VALIDATION OF A 24H POLAR RR RECORDER FOR MEASURING HEART RATE VARIABILITY IN PIGS

Authors: MARCHANT FORDE, RUTH - DEMONTFORT UNIVERSITY, UK; MARLIN, D - ANIMAL HEALTH TRUST, UK; Marchant, Jeremy

Submitted to: American Society of Animal Science Proceedings
Publication Type: Abstract Only
Publication Acceptance Date: 4/2/2003
Publication Date: 6/22/2003
Citation: MARCHANT FORDE, R.M., MARLIN, D.J., MARCHANT FORDE, J.N. VALIDATION OF A 24H POLAR RR RECORDER FOR MEASURING HEART RATE VARIABILITY IN PIGS. AMERICAN SOCIETY OF ANIMAL SCIENCE PROCEEDINGS. 2003.

Interpretive Summary:

Technical Abstract: Measures of heart rate variability (HRV) can yield important information about the functioning of the autonomic nervous system, and are potentially powerful tools in the assessment of animal well-being.
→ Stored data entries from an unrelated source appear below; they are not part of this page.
lemma norm_add_square:
  "norm ((x::'a::complex_hilbert) + y)^2 = (norm x)^2 + (norm y)^2 + 2 * Re (cinner x y)"
proof -
  have "complex_of_real (norm (x + y)^2) = cinner (x + y) (x + y)" by (simp add: cinner_norm)
  also have "\<dots> = cinner x x + cinner y y + (cinner x y + cnj (cinner x y))"
    by (simp add: cinner_add_left cinner_add_right cinner_commute[of y x])
  finally have "norm (x + y)^2 = Re (cinner x x + cinner y y + (cinner x y + cnj (cinner x y)))"
    by (metis Re_complex_of_real)
  then show ?thesis by (simp add: cinner_norm)
qed

lemma norm_diff_square:
  "norm ((x::'a::complex_hilbert) - y)^2 = (norm x)^2 + (norm y)^2 - 2 * Re (cinner x y)"
  using norm_add_square[of x "-y"] by (simp add: cinner_minus_right)

lemma Re_cinner_polarization:
  "Re (cinner (w::'a::complex_hilbert) v) = ((norm (w + v))^2 - (norm (w - v))^2) / 4"
  by (simp add: norm_add_square norm_diff_square)

lemma Im_cinner_polarization:
  "Im (cinner (w::'a::complex_hilbert) v) =
     ((norm (cscale \<i> w + v))^2 - (norm (cscale \<i> w - v))^2) / 4"
  by (simp add: Re_cinner_polarization[symmetric] cinner_cscale_left)

lemma closed_cinner_kernel:
  fixes f :: "'b::topological_space \<Rightarrow> 'a::complex_hilbert"
  assumes f: "continuous_on UNIV f"
  shows "closed {x. cinner w (f x) = 0}"
proof -
  have "{x. cinner w (f x) = 0} = {x. Re (cinner w (f x)) = 0} \<inter> {x. Im (cinner w (f x)) = 0}"
    by (auto simp: complex_eq_iff)
  moreover have "closed {x. Re (cinner w (f x)) = 0}"
    unfolding Re_cinner_polarization by (intro closed_Collect_eq continuous_intros f) auto
  moreover have "closed {x. Im (cinner w (f x)) = 0}"
    unfolding Im_cinner_polarization by (intro closed_Collect_eq continuous_intros f) auto
  ultimately show ?thesis by auto
qed

lemma bounded_op_imp_bounded_linear: "bounded_op A \<Longrightarrow> bounded_linear A"
  unfolding bounded_op_def
proof (elim conjE exE)
  fix K assume "\<forall>x y. A (x + y) = A x + A y" and "\<forall>c x. A (cscale c x) = cscale c (A x)"
    and "\<forall>x. norm (A x) \<le> K * norm x"
  then show "bounded_linear A"
    by (intro bounded_linear_intro[of _ K]) (auto simp: mult.commute simp flip: cscale_of_real)
qed

definition csubspace :: "'a::complex_hilbert set \<Rightarrow> bool" where
  "csubspace K \<longleftrightarrow> 0 \<in> K \<and> (\<forall>x\<in>K. \<forall>y\<in>K. x + y \<in> K) \<and> (\<forall>c. \<forall>x\<in>K. cscale c x \<in> K)"

lemma csubspace_scaleR: "csubspace K \<Longrightarrow> x \<in> K \<Longrightarrow> r *\<^sub>R x \<in> K"
  by (metis cscale_of_real csubspace_def)

lemma csubspace_diff: "csubspace K \<Longrightarrow> x \<in> K \<Longrightarrow> y \<in> K \<Longrightarrow> x - y \<in> K"
  using csubspace_scaleR[of K y "-1"] by (metis diff_conv_add_uminus scaleR_minus1_left csubspace_def)
(* Let $\xi\in\mathbb{R}\setminus\{0\}$ and for $\psi\in H_0^2((-1,1))$ let $E_0(\psi)=\frac12\int_{-1}^1|B|^2\big(|\psi'|^2+\frac{|\psi''|^2}{\xi^2}\big)dx_2-\frac12g[\rho]\psi(0)^2$. Then: (i) if $|B|\ge|B|_c$, then $E_0(\psi)\ge0$ for every $\psi\in H_0^2((-1,1))$, and moreover $E_0(\psi)\ge\frac12\int_{-1}^1\big((|B|^2-|B|_c^2)|\psi'|^2+\frac{|B|^2|\psi''|^2}{\xi^2}\big)dx_2$; (ii) if $|B|<|B|_c$ and $|\xi|\le|\xi|^B_{vc}$, then $E_0(\psi)\ge0$ for every $\psi\in H_0^2((-1,1))$; (iii) if $|B|<|B|_c$ and $|\xi|>|\xi|^B_{vc}$, then there exists $\psi\in H_0^2((-1,1))$ with $E_0(\psi)<0$; (iv) if there is $\psi\in H_0^2((-1,1))$ with $E_0(\psi)<0$, then $|B|<|B|_c$, $|\xi|>|\xi|^B_{vc}$ and $\psi(0)\ne0$.
   Context: $g>0$, $[\rho]>0$, $B\ne0$ constants. $|B|_c^2:=\sup\{g[\rho]\psi(0)^2/\int_{-1}^1|\psi'|^2dx_2: 0\ne\psi\in H_0^1((-1,1))\}$; for $|B|<|B|_c$, $(|\xi|^B_{vc})^2:=\inf\{|B|^2\int_{-1}^1|\psi''|^2dx_2/(g[\rho]\psi(0)^2-|B|^2\int_{-1}^1|\psi'|^2dx_2):\psi\in H_0^2((-1,1)),\ g[\rho]\psi(0)^2-|B|^2\int_{-1}^1|\psi'|^2dx_2>0\}$. *)

theory Defs
  imports "HOL-Analysis.Analysis"
begin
The equipment necessary for data collection has been difficult to obtain and use, but recently an ambulatory monitor designed to collect 24h of data has been developed but not validated for use in animals. Our objectives were to measure the accuracy of the Polar RR Recorder using gold standard ECG and to examine and categorise occurring anomalies and to ascertain their impact on the outcome of HRV analysis. Five one-year-old gilts were socially isolated from their pen mates and cardiac activity was simultaneously measured using 2 systems, a Polar RR Recorder and a telemetric ECG system, for 20 min. The Polar data was manually assessed both against and in isolation of the ECG data to identify anomalous beats, which were then assigned to one of 5 identified error categories. The anomalies in the Polar data were corrected and statistical comparisons were performed between the 3 data sets to evaluate the effects of anomalies on HRV analysis. Bland-Altman analysis was used to measure the level of agreement between the ECG, uncorrected Polar, and corrected Polar data. No anomalies or ectopies were found in the ECG data but 46 (0.81% of total interbeat intervals [IBIs]) were located in the Polar uncorrected data. Manual identification and editing procedures reduced this error to 0.018%. Mean heart rate and IBI parameters were unaffected by error (P>0.05). SD and RMSSD were 45 and 50% higher when anomalies were present in the data (P<0.001). The mean difference between the ECG and uncorrected Polar data was 1.36ms (limits of agreement -69.03 to 71.74ms). This was greatly improved to 0.36ms (limits of agreement -5.37 to 6.10ms) after editing. Overall, just a small proportion of error can bias the outcome of HRV analysis. This bias is greatly reduced by correcting the anomalous beats. Bland-Altman analysis demonstrated that when there is error present in the Polar data it cannot be used interchangeably with the ECG data. However, if there are no anomalies present or if anomalies are classified and corrected then the 2 systems can be used interchangeably.